**TASK INSTRUCTIONS**
The lines from the start of the data up to and including the one with "proof (rule assms(5)[OF a b])" should be returned exactly, and nothing else.

*** Block opens ***

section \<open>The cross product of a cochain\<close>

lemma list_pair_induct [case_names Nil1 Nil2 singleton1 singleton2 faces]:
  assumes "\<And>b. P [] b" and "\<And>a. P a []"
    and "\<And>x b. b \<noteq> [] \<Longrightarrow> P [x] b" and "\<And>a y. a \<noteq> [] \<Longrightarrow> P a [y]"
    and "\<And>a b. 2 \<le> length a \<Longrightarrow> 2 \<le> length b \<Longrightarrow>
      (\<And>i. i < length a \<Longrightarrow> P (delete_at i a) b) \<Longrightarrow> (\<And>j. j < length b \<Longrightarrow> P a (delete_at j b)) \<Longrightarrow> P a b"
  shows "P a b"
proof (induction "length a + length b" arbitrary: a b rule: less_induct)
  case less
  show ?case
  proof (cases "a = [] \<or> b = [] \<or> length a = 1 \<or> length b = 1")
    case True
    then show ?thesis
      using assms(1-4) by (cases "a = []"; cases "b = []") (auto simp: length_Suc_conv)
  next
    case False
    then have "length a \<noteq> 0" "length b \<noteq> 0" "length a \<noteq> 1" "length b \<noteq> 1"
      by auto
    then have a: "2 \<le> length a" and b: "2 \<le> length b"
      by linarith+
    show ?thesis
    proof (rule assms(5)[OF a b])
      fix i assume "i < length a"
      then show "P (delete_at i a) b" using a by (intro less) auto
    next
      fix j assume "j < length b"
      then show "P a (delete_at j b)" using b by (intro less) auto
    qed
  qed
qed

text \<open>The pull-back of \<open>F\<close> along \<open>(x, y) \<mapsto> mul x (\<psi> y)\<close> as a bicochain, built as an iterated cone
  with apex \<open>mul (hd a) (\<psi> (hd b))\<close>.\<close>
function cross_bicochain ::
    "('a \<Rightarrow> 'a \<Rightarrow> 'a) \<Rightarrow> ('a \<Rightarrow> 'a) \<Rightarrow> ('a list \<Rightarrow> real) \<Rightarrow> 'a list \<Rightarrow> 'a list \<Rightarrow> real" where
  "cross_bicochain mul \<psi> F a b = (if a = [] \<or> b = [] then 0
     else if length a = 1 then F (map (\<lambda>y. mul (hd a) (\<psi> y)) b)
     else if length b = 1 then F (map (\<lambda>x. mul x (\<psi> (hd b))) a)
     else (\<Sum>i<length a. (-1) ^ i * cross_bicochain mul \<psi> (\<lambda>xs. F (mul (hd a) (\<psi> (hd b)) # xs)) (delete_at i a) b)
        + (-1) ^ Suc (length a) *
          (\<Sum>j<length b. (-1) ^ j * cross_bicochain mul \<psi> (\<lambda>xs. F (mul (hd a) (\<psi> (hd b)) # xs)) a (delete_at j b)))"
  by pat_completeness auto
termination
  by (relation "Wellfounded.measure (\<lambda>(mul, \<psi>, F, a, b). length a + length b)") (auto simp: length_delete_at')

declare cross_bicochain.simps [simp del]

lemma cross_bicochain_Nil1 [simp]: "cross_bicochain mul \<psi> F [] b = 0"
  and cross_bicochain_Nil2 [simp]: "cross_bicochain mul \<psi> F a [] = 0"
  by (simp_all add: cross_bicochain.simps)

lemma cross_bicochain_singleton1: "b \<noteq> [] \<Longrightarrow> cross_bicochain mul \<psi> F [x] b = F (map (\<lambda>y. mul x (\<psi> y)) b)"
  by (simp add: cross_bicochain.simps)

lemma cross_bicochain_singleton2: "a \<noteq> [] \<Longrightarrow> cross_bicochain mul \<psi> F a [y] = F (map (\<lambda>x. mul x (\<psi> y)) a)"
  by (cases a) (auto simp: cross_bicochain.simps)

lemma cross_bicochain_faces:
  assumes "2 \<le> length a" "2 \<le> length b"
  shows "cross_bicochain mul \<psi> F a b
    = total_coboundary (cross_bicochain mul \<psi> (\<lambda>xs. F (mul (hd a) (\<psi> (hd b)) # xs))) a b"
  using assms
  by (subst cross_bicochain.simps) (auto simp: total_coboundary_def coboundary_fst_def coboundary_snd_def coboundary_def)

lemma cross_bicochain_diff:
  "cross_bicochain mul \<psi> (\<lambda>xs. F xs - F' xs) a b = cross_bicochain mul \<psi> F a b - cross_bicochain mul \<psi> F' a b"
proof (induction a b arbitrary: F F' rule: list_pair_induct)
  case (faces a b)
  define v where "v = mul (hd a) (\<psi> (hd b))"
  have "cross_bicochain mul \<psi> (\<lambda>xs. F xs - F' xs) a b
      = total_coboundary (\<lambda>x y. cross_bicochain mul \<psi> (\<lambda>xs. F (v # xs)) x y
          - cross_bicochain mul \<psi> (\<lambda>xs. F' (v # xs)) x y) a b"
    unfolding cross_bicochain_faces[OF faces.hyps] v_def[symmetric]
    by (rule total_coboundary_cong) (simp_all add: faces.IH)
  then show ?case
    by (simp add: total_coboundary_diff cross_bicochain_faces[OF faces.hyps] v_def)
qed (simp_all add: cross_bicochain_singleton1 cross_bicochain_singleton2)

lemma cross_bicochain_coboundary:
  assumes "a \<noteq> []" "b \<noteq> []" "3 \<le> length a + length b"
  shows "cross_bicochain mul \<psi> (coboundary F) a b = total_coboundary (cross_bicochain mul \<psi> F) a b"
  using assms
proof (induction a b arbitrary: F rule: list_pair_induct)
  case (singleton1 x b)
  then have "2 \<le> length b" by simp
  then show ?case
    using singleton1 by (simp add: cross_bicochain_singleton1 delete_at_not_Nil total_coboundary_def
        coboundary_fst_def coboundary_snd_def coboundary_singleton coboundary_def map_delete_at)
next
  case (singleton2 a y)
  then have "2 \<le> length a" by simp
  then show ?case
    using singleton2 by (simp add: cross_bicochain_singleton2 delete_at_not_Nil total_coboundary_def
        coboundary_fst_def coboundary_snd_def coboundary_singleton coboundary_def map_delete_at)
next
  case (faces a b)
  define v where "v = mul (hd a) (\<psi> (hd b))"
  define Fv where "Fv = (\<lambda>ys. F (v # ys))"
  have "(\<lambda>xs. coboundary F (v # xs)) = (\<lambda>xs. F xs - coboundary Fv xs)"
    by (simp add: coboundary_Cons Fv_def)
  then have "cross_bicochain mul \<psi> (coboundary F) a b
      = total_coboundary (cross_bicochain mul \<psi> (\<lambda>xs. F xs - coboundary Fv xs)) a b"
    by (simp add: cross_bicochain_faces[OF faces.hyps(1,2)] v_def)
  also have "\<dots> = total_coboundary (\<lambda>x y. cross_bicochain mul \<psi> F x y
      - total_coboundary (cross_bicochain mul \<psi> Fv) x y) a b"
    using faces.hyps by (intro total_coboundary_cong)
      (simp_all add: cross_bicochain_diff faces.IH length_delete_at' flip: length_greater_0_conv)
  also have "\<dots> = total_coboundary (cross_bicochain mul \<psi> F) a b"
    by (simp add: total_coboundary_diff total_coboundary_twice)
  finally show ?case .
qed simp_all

*** Block closes ***

**SOLVED EXERCISE**
section \<open>The cross product of a cochain\<close>

lemma list_pair_induct [case_names Nil1 Nil2 singleton1 singleton2 faces]:
  assumes "\<And>b. P [] b" and "\<And>a. P a []"
    and "\<And>x b. b \<noteq> [] \<Longrightarrow> P [x] b" and "\<And>a y. a \<noteq> [] \<Longrightarrow> P a [y]"
    and "\<And>a b. 2 \<le> length a \<Longrightarrow> 2 \<le> length b \<Longrightarrow>
      (\<And>i. i < length a \<Longrightarrow> P (delete_at i a) b) \<Longrightarrow> (\<And>j. j < length b \<Longrightarrow> P a (delete_at j b)) \<Longrightarrow> P a b"
  shows "P a b"
proof (induction "length a + length b" arbitrary: a b rule: less_induct)
  case less
  show ?case
  proof (cases "a = [] \<or> b = [] \<or> length a = 1 \<or> length b = 1")
    case True
    then show ?thesis
      using assms(1-4) by (cases "a = []"; cases "b = []") (auto simp: length_Suc_conv)
  next
    case False
    then have "length a \<noteq> 0" "length b \<noteq> 0" "length a \<noteq> 1" "length b \<noteq> 1"
      by auto
    then have a: "2 \<le> length a" and b: "2 \<le> length b"
      by linarith+
    show ?thesis
    proof (rule assms(5)[OF a b])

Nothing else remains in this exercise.